About this exercise:
Reading the data below, count the lines that carry the string "fixes". Give nothing but the count.
Given data Block Start
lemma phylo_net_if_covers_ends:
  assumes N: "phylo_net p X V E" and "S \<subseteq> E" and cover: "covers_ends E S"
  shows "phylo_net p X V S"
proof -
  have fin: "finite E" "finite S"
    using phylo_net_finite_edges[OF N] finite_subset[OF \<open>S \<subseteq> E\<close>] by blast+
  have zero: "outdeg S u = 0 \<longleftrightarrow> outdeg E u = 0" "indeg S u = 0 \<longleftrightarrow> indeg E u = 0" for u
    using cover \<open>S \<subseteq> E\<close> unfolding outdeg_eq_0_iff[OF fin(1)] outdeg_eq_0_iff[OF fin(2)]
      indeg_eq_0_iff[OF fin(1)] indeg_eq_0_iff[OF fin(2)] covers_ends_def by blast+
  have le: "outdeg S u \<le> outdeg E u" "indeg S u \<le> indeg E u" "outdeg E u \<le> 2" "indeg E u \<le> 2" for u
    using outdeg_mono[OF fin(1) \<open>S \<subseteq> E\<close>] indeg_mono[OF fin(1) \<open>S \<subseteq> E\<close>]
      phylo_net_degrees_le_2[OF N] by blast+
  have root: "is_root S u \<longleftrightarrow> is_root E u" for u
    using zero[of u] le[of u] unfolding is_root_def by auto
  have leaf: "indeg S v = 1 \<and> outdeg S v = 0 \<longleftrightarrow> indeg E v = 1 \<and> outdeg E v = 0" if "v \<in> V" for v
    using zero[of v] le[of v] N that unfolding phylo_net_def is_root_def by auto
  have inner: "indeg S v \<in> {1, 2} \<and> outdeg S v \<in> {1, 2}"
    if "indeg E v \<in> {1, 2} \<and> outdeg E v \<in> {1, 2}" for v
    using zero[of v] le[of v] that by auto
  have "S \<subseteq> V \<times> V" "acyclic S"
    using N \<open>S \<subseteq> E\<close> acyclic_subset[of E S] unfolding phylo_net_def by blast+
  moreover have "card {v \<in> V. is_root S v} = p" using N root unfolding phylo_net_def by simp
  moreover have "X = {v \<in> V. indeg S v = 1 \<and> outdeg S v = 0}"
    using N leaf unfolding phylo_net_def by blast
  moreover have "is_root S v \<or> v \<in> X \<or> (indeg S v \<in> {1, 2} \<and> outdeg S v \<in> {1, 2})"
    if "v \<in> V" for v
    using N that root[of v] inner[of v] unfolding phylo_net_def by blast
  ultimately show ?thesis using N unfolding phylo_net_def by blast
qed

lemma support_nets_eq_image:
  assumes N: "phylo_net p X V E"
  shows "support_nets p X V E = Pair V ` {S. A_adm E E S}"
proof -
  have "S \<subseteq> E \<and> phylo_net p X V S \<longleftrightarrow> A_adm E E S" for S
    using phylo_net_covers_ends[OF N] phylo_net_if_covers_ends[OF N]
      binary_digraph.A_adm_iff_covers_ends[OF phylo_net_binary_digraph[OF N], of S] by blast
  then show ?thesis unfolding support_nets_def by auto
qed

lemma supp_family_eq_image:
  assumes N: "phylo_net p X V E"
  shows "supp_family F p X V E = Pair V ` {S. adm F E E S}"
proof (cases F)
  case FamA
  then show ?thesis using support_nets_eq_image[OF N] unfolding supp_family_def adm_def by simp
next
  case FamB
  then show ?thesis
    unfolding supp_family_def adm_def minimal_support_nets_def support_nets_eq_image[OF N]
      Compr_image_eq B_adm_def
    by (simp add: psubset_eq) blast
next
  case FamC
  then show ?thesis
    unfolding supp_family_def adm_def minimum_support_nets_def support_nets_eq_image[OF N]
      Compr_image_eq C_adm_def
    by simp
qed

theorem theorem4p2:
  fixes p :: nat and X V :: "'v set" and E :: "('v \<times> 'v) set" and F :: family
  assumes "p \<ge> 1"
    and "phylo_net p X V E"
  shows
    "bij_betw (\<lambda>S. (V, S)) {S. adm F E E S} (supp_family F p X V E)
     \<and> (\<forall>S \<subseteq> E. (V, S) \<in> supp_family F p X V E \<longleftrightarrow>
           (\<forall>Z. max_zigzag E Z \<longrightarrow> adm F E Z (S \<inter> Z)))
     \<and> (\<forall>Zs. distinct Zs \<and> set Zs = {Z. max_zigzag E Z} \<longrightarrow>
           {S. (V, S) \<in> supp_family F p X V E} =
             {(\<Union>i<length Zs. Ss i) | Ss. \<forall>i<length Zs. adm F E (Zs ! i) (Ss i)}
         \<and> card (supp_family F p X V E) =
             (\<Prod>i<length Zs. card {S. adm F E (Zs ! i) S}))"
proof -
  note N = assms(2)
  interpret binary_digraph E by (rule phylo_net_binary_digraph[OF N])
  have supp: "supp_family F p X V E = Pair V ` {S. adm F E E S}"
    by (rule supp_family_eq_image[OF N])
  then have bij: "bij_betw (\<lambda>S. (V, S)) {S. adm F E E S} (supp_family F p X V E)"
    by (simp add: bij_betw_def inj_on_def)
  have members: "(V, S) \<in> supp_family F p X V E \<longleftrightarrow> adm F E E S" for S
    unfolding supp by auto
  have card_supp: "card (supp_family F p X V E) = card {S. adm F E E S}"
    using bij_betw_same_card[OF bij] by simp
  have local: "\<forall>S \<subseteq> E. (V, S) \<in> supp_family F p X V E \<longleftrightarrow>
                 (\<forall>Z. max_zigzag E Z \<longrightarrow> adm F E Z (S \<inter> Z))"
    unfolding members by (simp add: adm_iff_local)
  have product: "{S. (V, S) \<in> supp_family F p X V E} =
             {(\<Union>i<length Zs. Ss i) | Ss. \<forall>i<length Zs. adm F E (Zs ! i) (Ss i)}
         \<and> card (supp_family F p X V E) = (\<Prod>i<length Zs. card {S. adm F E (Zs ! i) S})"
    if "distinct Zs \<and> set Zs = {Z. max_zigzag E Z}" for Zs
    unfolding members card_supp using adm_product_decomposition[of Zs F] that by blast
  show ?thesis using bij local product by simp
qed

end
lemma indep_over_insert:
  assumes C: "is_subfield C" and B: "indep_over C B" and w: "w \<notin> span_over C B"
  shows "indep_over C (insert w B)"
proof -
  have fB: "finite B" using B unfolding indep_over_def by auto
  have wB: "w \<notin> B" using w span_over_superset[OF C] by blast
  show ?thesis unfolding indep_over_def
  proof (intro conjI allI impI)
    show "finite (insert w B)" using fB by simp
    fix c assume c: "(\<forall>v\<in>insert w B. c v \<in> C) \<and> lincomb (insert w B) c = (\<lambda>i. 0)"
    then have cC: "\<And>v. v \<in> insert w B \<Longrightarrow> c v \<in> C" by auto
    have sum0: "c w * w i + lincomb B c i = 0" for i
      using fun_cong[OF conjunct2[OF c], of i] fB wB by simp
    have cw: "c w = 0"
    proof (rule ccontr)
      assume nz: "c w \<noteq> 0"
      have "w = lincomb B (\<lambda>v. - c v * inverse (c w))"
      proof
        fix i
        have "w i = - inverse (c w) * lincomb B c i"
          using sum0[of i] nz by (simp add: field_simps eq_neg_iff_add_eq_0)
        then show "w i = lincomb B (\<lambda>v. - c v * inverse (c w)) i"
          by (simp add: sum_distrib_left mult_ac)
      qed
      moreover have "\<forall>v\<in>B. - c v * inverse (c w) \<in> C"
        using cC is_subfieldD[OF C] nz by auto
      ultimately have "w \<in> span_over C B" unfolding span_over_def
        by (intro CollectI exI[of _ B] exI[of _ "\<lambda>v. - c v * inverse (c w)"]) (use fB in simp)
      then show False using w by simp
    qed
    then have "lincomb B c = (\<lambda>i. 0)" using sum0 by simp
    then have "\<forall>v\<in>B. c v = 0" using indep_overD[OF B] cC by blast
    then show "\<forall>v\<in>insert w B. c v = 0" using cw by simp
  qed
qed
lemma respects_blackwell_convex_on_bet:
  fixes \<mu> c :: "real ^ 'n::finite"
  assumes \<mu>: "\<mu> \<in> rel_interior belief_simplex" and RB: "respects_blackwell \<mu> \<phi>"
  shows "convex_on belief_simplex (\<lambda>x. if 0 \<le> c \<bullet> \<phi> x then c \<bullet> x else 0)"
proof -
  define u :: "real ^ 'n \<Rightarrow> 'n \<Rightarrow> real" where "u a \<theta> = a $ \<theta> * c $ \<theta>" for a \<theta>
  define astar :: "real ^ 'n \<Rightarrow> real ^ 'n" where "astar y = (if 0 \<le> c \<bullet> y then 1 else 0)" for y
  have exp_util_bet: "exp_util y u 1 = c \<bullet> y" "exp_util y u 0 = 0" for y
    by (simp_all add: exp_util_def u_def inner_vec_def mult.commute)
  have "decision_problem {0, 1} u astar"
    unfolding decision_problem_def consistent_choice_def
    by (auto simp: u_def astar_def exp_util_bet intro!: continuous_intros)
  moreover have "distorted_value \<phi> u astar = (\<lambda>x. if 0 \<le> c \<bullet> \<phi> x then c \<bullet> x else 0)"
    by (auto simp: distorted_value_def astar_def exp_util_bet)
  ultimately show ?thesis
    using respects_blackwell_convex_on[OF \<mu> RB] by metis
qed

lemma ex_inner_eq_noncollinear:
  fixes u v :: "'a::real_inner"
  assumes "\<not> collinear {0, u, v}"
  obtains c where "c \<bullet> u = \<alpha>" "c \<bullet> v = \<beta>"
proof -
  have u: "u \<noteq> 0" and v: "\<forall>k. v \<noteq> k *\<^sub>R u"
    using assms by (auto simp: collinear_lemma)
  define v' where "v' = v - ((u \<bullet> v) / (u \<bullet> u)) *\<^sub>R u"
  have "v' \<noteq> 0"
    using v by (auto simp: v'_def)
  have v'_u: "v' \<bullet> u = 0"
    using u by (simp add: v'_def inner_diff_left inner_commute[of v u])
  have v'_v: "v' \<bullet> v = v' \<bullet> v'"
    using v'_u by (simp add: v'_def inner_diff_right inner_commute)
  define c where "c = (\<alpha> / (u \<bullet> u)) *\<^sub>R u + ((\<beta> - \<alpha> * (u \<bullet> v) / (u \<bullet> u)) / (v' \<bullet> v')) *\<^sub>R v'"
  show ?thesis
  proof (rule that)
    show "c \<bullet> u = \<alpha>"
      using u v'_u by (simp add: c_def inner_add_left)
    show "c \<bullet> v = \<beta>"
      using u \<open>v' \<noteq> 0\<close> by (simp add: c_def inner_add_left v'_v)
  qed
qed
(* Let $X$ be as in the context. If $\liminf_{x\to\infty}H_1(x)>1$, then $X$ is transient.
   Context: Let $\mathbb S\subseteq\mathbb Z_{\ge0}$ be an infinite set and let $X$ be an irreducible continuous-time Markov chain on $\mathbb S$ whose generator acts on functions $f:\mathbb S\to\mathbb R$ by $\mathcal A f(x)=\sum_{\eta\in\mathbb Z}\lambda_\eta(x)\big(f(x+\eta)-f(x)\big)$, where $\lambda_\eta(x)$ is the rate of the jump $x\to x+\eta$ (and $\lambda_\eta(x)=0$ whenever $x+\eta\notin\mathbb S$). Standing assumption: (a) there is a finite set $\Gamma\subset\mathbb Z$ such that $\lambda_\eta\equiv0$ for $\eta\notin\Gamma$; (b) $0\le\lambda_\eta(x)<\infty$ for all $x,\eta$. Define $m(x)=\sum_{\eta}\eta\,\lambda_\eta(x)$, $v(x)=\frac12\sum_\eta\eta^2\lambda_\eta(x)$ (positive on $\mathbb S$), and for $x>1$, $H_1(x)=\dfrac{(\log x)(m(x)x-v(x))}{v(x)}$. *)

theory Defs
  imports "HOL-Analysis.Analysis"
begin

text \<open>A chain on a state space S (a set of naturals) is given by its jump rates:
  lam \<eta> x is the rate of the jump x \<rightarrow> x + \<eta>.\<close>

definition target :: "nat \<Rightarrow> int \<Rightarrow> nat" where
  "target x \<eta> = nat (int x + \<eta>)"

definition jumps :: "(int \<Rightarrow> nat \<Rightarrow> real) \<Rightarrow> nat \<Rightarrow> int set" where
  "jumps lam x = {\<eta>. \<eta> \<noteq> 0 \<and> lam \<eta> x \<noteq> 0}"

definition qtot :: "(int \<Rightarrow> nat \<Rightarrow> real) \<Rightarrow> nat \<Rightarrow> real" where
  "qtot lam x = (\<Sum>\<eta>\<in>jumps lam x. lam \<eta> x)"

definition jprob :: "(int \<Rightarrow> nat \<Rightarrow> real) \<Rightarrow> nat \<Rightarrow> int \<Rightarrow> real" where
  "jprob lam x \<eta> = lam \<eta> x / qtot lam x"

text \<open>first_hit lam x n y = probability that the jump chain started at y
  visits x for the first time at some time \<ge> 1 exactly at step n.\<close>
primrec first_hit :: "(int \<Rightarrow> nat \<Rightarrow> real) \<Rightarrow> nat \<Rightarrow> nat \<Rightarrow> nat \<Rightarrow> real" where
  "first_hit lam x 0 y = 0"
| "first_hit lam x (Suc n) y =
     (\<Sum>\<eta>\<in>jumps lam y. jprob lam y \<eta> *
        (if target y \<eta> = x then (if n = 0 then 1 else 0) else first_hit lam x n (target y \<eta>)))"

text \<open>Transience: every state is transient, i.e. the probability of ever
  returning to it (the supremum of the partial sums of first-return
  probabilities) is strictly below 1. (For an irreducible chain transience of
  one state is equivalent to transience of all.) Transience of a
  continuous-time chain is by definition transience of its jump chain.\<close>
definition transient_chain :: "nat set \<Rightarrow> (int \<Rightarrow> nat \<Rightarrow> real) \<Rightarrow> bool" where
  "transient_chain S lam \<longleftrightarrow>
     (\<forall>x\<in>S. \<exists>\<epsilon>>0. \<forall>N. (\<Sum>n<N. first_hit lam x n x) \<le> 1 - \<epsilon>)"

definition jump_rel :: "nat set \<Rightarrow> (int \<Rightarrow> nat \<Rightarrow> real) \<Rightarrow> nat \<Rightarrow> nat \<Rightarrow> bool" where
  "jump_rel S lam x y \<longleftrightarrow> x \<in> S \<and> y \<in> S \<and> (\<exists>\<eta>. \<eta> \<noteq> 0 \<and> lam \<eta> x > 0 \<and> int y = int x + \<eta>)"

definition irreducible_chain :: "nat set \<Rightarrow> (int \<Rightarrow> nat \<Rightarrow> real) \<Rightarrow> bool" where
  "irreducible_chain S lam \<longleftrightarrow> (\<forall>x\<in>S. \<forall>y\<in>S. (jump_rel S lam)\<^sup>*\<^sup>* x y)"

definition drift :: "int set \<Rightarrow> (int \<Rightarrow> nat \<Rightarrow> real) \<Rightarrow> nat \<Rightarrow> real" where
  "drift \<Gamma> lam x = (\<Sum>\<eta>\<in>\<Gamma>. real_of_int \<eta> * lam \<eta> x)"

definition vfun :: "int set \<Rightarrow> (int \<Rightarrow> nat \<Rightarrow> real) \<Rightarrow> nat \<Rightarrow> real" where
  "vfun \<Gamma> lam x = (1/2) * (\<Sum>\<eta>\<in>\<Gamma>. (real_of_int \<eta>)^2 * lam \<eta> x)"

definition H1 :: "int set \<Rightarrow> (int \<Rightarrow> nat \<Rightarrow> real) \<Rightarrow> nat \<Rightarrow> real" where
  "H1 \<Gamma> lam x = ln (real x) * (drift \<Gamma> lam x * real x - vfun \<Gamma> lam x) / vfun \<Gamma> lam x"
Given data Block End
Task response:
3